Brasília (DF) – O Conselho Nacional de Previdência Social (CNPS) aprovou nesta terça-feira, 25, uma reestimativa nas despesas previdenciárias para o ano de 2027. O montante previsto, que inicialmente era de R$ 1,224 trilhão, foi ajustado para R$ 1,218 trilhão, representando uma economia projetada de R$ 5 bilhões. Os novos dados servirão de base para a construção do Projeto de Lei Orçamentária Anual (PLOA), que o Executivo deve encaminhar ao Congresso Nacional até a próxima segunda-feira, 31.
Embora a redução alivie a projeção, os números ainda indicam uma trajetória de alta.
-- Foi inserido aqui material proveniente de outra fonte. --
lemma face_le_zero_face:
  assumes arr: "lin_arrangement H f" and C: "C \<in> faces H f"
  shows "face_le (zero_face H f) C"
  unfolding face_le_def
proof
  fix y
  assume y: "y \<in> zero_face H f"
  obtain x where C_eq: "C = {z. sign_vec H f z = sign_vec H f x}"
    using C unfolding faces_def by blast
  have shifted_in_C: "y + t *\<^sub>R x \<in> C" if "t > 0" for t
  proof -
    have lin: "f Hy (y + t *\<^sub>R x) = t * f Hy x" if "Hy \<in> H" for Hy
    proof -
      have "linear (f Hy)"
        using arr that unfolding lin_arrangement_def by blast
      then show ?thesis
        using zero_face_vanishing[OF arr y that] by (simp add: linear_add linear_scale)
    qed
    have "sign_vec H f (y + t *\<^sub>R x) = sign_vec H f x"
      unfolding sign_vec_def using lin \<open>t > 0\<close> by (intro ext) (simp add: sgn_mult)
    then show ?thesis
      using C_eq by blast
  qed
  have "(\<lambda>n. y + inverse (real (Suc n)) *\<^sub>R x) \<longlonglongrightarrow> y"
    using tendsto_add[OF tendsto_const tendsto_scaleR[OF LIMSEQ_inverse_real_of_nat tendsto_const]]
    by simp
  then show "y \<in> closure C"
    unfolding closure_sequential using shifted_in_C
    by (metis of_nat_0_less_iff positive_imp_inverse_positive zero_less_Suc)
qed

lemma opposing_sym: "opposing H f A B \<Longrightarrow> opposing H f B A"
  unfolding opposing_def by (metis minus_minus)

lemma csubspace_diff: "csubspace V \<Longrightarrow> x \<in> V \<Longrightarrow> y \<in> V \<Longrightarrow> x - y \<in> V"
  unfolding csubspace_def by (metis diff_conv_add_uminus vector_sneg_minus1)

lemma clin_map_diff:
  assumes "csubspace V" "clin_map V W g" "x \<in> V" "y \<in> V"
  shows "g (x - y) = g x - g y"
proof -
  have "g (x - y + y) = g (x - y) + g y"
    using assms csubspace_diff unfolding clin_map_def by blast
  then show ?thesis
    by simp
qed

lemma clin_map_comp: "clin_map U V g \<Longrightarrow> clin_map V W h \<Longrightarrow> clin_map U W (\<lambda>x. h (g x))"
  unfolding clin_map_def by auto
lemma finite_fsupp_wbr:
  assumes "finite (fsupp x)" "finite (fsupp y)"
  shows "finite (fsupp (wbr x y))"
proof -
  have "fsupp (wbr x y) \<subseteq> (\<lambda>(a, b). a + b) ` (fsupp x \<times> fsupp y)"
  proof
    fix g assume "g \<in> fsupp (wbr x y)"
    then have "wbr x y g \<noteq> 0" by (simp add: fsupp_def)
    then have "{(a, b). a \<in> fsupp x \<and> b \<in> fsupp y \<and> a + b = g} \<noteq> {}"
      unfolding wbr_def by (intro notI) simp
    then show "g \<in> (\<lambda>(a, b). a + b) ` (fsupp x \<times> fsupp y)" by force
  qed
  then show ?thesis using assms finite_subset by blast
qed

lemma ex_additive_rat_nonzero:
  fixes d :: "'k::field_char_0"
  assumes "d \<noteq> 0"
  shows "\<exists>\<psi>::'k \<Rightarrow> rat. additive \<psi> \<and> \<psi> d \<noteq> 0"
proof -
  interpret vector_space_pair "\<lambda>q x. of_rat q * x :: 'k" "(*) :: rat \<Rightarrow> rat \<Rightarrow> rat"
    by unfold_locales (auto simp: of_rat_add of_rat_mult algebra_simps)
  have "vs1.independent {d}" using assms by simp
  then obtain \<psi> where lin: "Vector_Spaces.linear (\<lambda>q x. of_rat q * x :: 'k) (*) \<psi>" and "\<psi> d = 1"
    using linear_independent_extend[of "{d}" "\<lambda>_. 1"] by auto
  from lin have "additive \<psi>" by (simp add: additive_def linear_add)
  with \<open>\<psi> d = 1\<close> show ?thesis by auto
qed

lemma ex_additive_rat_nonzero_on:
  fixes D :: "'k::field_char_0 set"
  assumes "finite D" "0 \<notin> D"
  shows "\<exists>\<phi>::'k \<Rightarrow> rat. additive \<phi> \<and> (\<forall>d\<in>D. \<phi> d \<noteq> 0)"
  using assms
proof (induction D rule: finite_induct)
  case empty
  have "additive (\<lambda>_::'k. 0::rat)" by (simp add: additive_def)
  then show ?case by blast
next
  case (insert d D)
  obtain \<phi> :: "'k \<Rightarrow> rat" where \<phi>: "additive \<phi>" "\<forall>e\<in>D. \<phi> e \<noteq> 0" using insert by auto
  obtain \<psi> :: "'k \<Rightarrow> rat" where \<psi>: "additive \<psi>" "\<psi> d \<noteq> 0"
    using ex_additive_rat_nonzero[of d] insert.prems by auto
  obtain s :: rat where s: "s \<notin> (\<lambda>e. - \<phi> e / \<psi> e) ` insert d D"
    using ex_new_if_finite[OF infinite_UNIV_char_0, of "(\<lambda>e. - \<phi> e / \<psi> e) ` insert d D"]
      insert.hyps(1) by blast
  have "additive (\<lambda>x. \<phi> x + s * \<psi> x)"
    using \<phi>(1) \<psi>(1) by (simp add: additive_def algebra_simps)
  moreover have "\<phi> e + s * \<psi> e \<noteq> 0" if "e \<in> insert d D" for e
  proof (cases "\<psi> e = 0")
    case True
    then show ?thesis using that \<phi>(2) \<psi>(2) by auto
  next
    case False
    show ?thesis
    proof
      assume "\<phi> e + s * \<psi> e = 0"
      then have "s = - \<phi> e / \<psi> e" using False by (simp add: field_simps)
      then show False using s that by blast
    qed
  qed
  ultimately show ?case by (intro exI[of _ "\<lambda>x. \<phi> x + s * \<psi> x"]) blast
qed
lemma wf_converse: "wf (E\<inverse>)"
proof (rule finite_acyclic_wf_converse[OF finite_E])
  show "acyclic E"
    unfolding acyclic_def using trancl_mono by fastforce
qed

definition sink :: "'a \<Rightarrow> 'a" where
  "sink v = (THE s. (v, s) \<in> E\<^sup>* \<and> s \<notin> Domain E)"

lemma sink_exists: "\<exists>s. (v, s) \<in> E\<^sup>* \<and> s \<notin> Domain E"
proof (induction v rule: wf_induct_rule[OF wf_converse])
  case (1 v)
  show ?case
  proof (cases "v \<in> Domain E")
    case True
    then obtain w where "(v, w) \<in> E" by blast
    with 1 obtain s where "(w, s) \<in> E\<^sup>*" "s \<notin> Domain E" by blast
    with \<open>(v, w) \<in> E\<close> show ?thesis by (meson converse_rtrancl_into_rtrancl)
  qed blast
qed

lemma sink_unique:
  assumes "(v, s) \<in> E\<^sup>*" "s \<notin> Domain E" "(v, s') \<in> E\<^sup>*" "s' \<notin> Domain E"
  shows "s = s'"
  using single_valued_confluent[OF single_valued assms(1,3)] assms(2,4)
  by (auto elim: converse_rtranclE)

lemma sink: "(v, sink v) \<in> E\<^sup>*" "sink v \<notin> Domain E"
  using theI'[of "\<lambda>s. (v, s) \<in> E\<^sup>* \<and> s \<notin> Domain E"] sink_exists sink_unique
  unfolding sink_def by blast+

lemma sink_in_C: "v \<in> C \<Longrightarrow> sink v \<in> C"
  using sink(1)[of v] edges_in_C by (auto elim: rtrancl.cases)

lemma comparable_if_sink_eq:
  assumes "sink v = sink w" "v \<noteq> w"
  shows "(v, w) \<in> E\<^sup>+ \<or> (w, v) \<in> E\<^sup>+"
proof -
  have "(sink v, v) \<in> (E\<inverse>)\<^sup>*" "(sink v, w) \<in> (E\<inverse>)\<^sup>*"
    using sink(1)[of v] sink(1)[of w] assms(1) by (simp_all add: rtrancl_converseI)
  from single_valued_confluent[OF single_valued_converse this] assms(2)
  show ?thesis by (auto simp: rtrancl_converse rtrancl_eq_or_trancl)
qed

lemma finite_edges: "finite {{v, w} | v w. (v, w) \<in> E}"
  unfolding edges_eq_image using finite_E by blast

lemma card_edges_add_card_sinks:
  "card {{v, w} | v w. (v, w) \<in> E} + card (C - Domain E) = card C"
proof -
  have "inj_on (\<lambda>(v, w). {v, w}) E"
  proof (rule inj_onI, clarify)
    fix v w v' w' assume "(v, w) \<in> E" "(v', w') \<in> E" "{v, w} = {v', w'}"
    then show "v = v' \<and> w = w'"
      using edge_mono[of v w] edge_mono[of v' w'] by (auto simp: doubleton_eq_iff)
  qed
  then have "card {{v, w} | v w. (v, w) \<in> E} = card E"
    unfolding edges_eq_image by (rule card_image)
  also have "\<dots> = card (Domain E)"
  proof -
    have "inj_on fst E"
      using single_valued by (auto simp: inj_on_def single_valued_def)
    then show ?thesis by (simp add: card_image fst_eq_Domain[symmetric])
  qed
  moreover have "Domain E \<subseteq> C" using edges_in_C by blast
  then have "card (C - Domain E) = card C - card (Domain E)" "card (Domain E) \<le> card C"
    using finite_C by (simp_all add: card_Diff_subset finite_subset card_mono)
  ultimately show ?thesis
    by linarith
qed

end

lemma card_le_mult_card_sinks:
  assumes "monotone_chains C EA X Y" and "monotone_chains C EB Y (\<lambda>v. - X v)"
  shows "card C \<le> card (C - Domain EA) * card (C - Domain EB)"
proof -
  interpret A: monotone_chains C EA X Y by fact
  interpret B: monotone_chains C EB Y "\<lambda>v. - X v" by fact
  have "inj_on (\<lambda>v. (A.sink v, B.sink v)) C"
  proof (rule inj_onI, rule ccontr)
    fix v w assume "(A.sink v, B.sink v) = (A.sink w, B.sink w)" "v \<noteq> w"
    then have "(v, w) \<in> EA\<^sup>+ \<or> (w, v) \<in> EA\<^sup>+" "(v, w) \<in> EB\<^sup>+ \<or> (w, v) \<in> EB\<^sup>+"
      using A.comparable_if_sink_eq B.comparable_if_sink_eq by auto
    then show False
      using A.trancl_mono[of v w] A.trancl_mono[of w v] B.trancl_mono[of v w] B.trancl_mono[of w v]
      by auto
  qed
  moreover have "(\<lambda>v. (A.sink v, B.sink v)) ` C \<subseteq> (C - Domain EA) \<times> (C - Domain EB)"
    using A.sink(2) A.sink_in_C B.sink(2) B.sink_in_C by (simp add: image_subset_iff)
  ultimately have "card C \<le> card ((C - Domain EA) \<times> (C - Domain EB))"
    using A.finite_C by (intro card_inj_on_le) auto
  then show ?thesis by (simp add: card_cartesian_product)
qed

lemma inner_real2: "(x::pt) \<bullet> y = x$1 * y$1 + x$2 * y$2"
  by (simp add: inner_vec_def sum_2)

lemma tangent_commute: "tangent r c d \<longleftrightarrow> tangent r d c"
  by (auto simp: tangent_def dist_commute)

definition nonacute_contacts :: "pt set \<Rightarrow> real \<Rightarrow> bool" where
  "nonacute_contacts C r \<longleftrightarrow> (\<forall>c\<in>C. \<forall>d\<in>C. \<forall>d'\<in>C.
     tangent r c d \<longrightarrow> tangent r c d' \<longrightarrow> d \<noteq> d' \<longrightarrow> (d - c) \<bullet> (d' - c) \<le> 0)"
Em relação à estimativa de 2026, que foi fixada em R$ 1,129 trilhão, o valor previsto para 2027 representa um incremento de 7,92%. Esse cenário é monitorado de perto pelo governo, uma vez que a Previdência Social detém o maior peso nas contas públicas, correspondendo a cerca de 43% de toda a despesa primária da União.
A dinâmica do estoque de processos no Instituto Nacional do Seguro Social (INSS) exerce influência direta sobre esses cálculos. Dados do Ministério da Previdência Social apontam que a fila de requerimentos caiu de 1,8 milhão em junho para 1,55 milhão ao final de julho — uma redução de 74% no acumulado do ano. Eduardo Pereira, diretor do Departamento do Regime Geral de Previdência Social, ressaltou durante a reunião que o esforço para limpar esse passivo de pedidos adiciona uma camada de incerteza às projeções, visto que o ritmo de concessões altera o volume de desembolsos mensais.
Dentro do detalhamento das contas, a fatia destinada ao pagamento de benefícios previdenciários — como aposentadorias e pensões — foi reduzida em cerca de R$ 5,25 bilhões, caindo para R$ 1,161 trilhão. Em contrapartida, outras linhas de despesa tiveram comportamentos distintos: a compensação previdenciária deve totalizar R$ 8,113 bilhões, uma alta de 2,9%, enquanto o gasto com sentenças judiciais foi projetado em R$ 49,391 bilhões, mantendo estabilidade em relação aos cálculos anteriores.
O CNPS também promoveu um ajuste na estimativa de despesas obrigatórias para 2026. O valor foi reduzido em R$ 6,474 bilhões, passando de R$ 1,136 trilhão para R$ 1,129 trilhão. Segundo a diretoria do órgão, a revisão para baixo justifica-se pela adoção de parâmetros mais conservadores e pela observação de resultados financeiros recentes que registraram saídas menores do que o esperado. Não está descartada, contudo, uma nova revisão desses números antes do encerramento do exercício atual.
A decisão pela nova grade de projeções foi tomada por unanimidade no colegiado, que conta com representantes do governo federal, empregadores, trabalhadores e segurados. Com esse novo espaço orçamentário de R$ 5 bilhões, o governo ganha margem de manobra para a composição do orçamento de 2027, um exercício que exige precisão técnica, dado que variações percentuais pequenas no setor previdenciário se traduzem rapidamente em bilhões de reais que impactam diretamente a execução fiscal do país.